Communication – why it’s so important in palliative care
Posted on January 6, 2016 by pallcare
Cipla Palliative Care and Training Centre in Pune, in the state of Maharashtra in India, has provided free inpatient and home care for cancer patients and their families since 1997. Simoni Binoy describes one of the weekly case presentations conducted by the team’s medical social worker.
Simoni Binoy
A 73-year-old lady, Ms Roma, was diagnosed with advanced glioblastoma with spinal metastasis. She had difficulty in walking but was conscious. Her first admission was from 26 February to 14 March 2015. During this period, we managed to effectively control her pain and other symptoms but physiotherapy did not have the desired effect as her hands and feet were rigid due to her spinal metastasis. She wanted to walk but could not manage. Deeply religious, she was aware of her prognosis. During her second admission in May, her condition deteriorated. She had spurts of consciousness. Her primary caregivers were her daughter and daughter-in-law but due to some personal contingencies they had to entrust the caregiving role to Ms Roma’s son. As is the norm at our centre, one relative has to stay with the patient.
The son had issues from day one. He wanted an agency nurse for caregiving, which our medical social worker opposed as she felt that he was shirking his responsibilities as a caregiver. This was where the first step of communication faltered, what then happened was a crescendo of accusations from the relative. Our initial step at retracing the son’s background was crucial at this juncture, as this would have helped our medical social worker in not assuming his inability to be a caregiver to his mother. Realising this, she approached her senior medical social worker who intervened and they organised a meeting with the son. She heard his accusations and gave him room to vent his feelings. Once he understood that somebody was keen to hear him out he calmed down. They had various psychological interventions over two weeks in a constructive manner. Each session opened up new avenues of communication. Empathy and active listening paved the way for a remarkable change in the son’s attitude. He became more interactive; he actively participated in various activities and nursed his mother day and night. She passed away after she was discharged on 27 July 2015.

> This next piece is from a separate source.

(* Let $q\ge 1$, let $G$ be a finite subgroup of the unitary group $\mathrm{U}(q)$, and let $\boldsymbol{\lambda}$ be an irreducible complex representation of $G$ with character $\lambda$. Let $f(g)=\operatorname{tr}(g)$ denote the character of the defining representation $\boldsymbol{f}$ of $G\subset \mathrm{U}(q)$. Then the following are equivalent: (a) $G$ is a $\boldsymbol{\lambda}$-twisted unitary $t$-group; (b) $\lVert \lambda f^{t}\rVert = \lVert F^{t}\rVert$; (c) $\langle \lambda^*\lambda, R^{\downarrow}\rangle = 0$ for every irreducible representation $\boldsymbol{R}\in\mathcal{E}_t$ with $\boldsymbol{R}$ not the trivial representation.
   Context: For class functions $\chi,\psi$ on the finite group $G$, $\langle \chi,\psi\rangle := \frac{1}{|G|}\sum_{g\in G}\overline{\chi(g)}\psi(g)$, and $\lVert \chi\rVert := \langle\chi,\chi\rangle$ (no square root). Products of characters are pointwise products; $\lambda^*$ is the complex conjugate of $\lambda$. $\boldsymbol{F}$ denotes the defining (fundamental) representation of $\mathrm{U}(q)$ with character $F(U)=\operatorname{tr}U$, and $\lVert F^t\rVert := \int_{\mathrm{U}(q)} |\operatorname{tr} U|^{2t}\,dU$ with respect to the normalized Haar measure. $\mathcal{E}_t$ is the set of irreducible representations of $\mathrm{U}(q)$ occurring with nonzero multiplicity in $(\boldsymbol{F}\otimes\boldsymbol{F}^* )^{\otimes t}$ (where $\boldsymbol{F}^*$ is the dual/complex-conjugate representation), and for $\boldsymbol{R}\in\mathcal{E}_t$, $R^{\downarrow}$ is the character of the restriction of $\boldsymbol{R}$ to $G$. Definition: $G$ is a $\boldsymbol{\lambda}$-twisted unitary $t$-group if $\frac{1}{|G|}\sum_{g\in G}|\lambda(g)|^2 \,(g\otimes \bar g)^{\otimes t} = \int_{\mathrm{U}(q)} (U\otimes \bar U)^{\otimes t}\,dU$, where $\bar g$ is the entrywise complex conjugate and the integral is over normalized Haar measure. *)

theory Defs
  imports "HOL-Probability.Probability" "Jordan_Normal_Form.Matrix"
begin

Cipla Palliative Care and Training Centre in Pune
Learning points
• If we move too quickly into helping family members to actively make a change and they are still ambivalent about doing so, then we will feel the resistance.
• Each relative is unique and hence will have unique defences. We need to use a non-judgmental approach.
• Two-way channels of communication need always to be open, so that assumptions do not override our decisions.
• Staff/family relationships can become fraught, so team members need to be open to withdrawing and handing over to a colleague.
As the book ‘Palliative Care for People with Cancer’ states, we need to develop relationships more quickly than normal.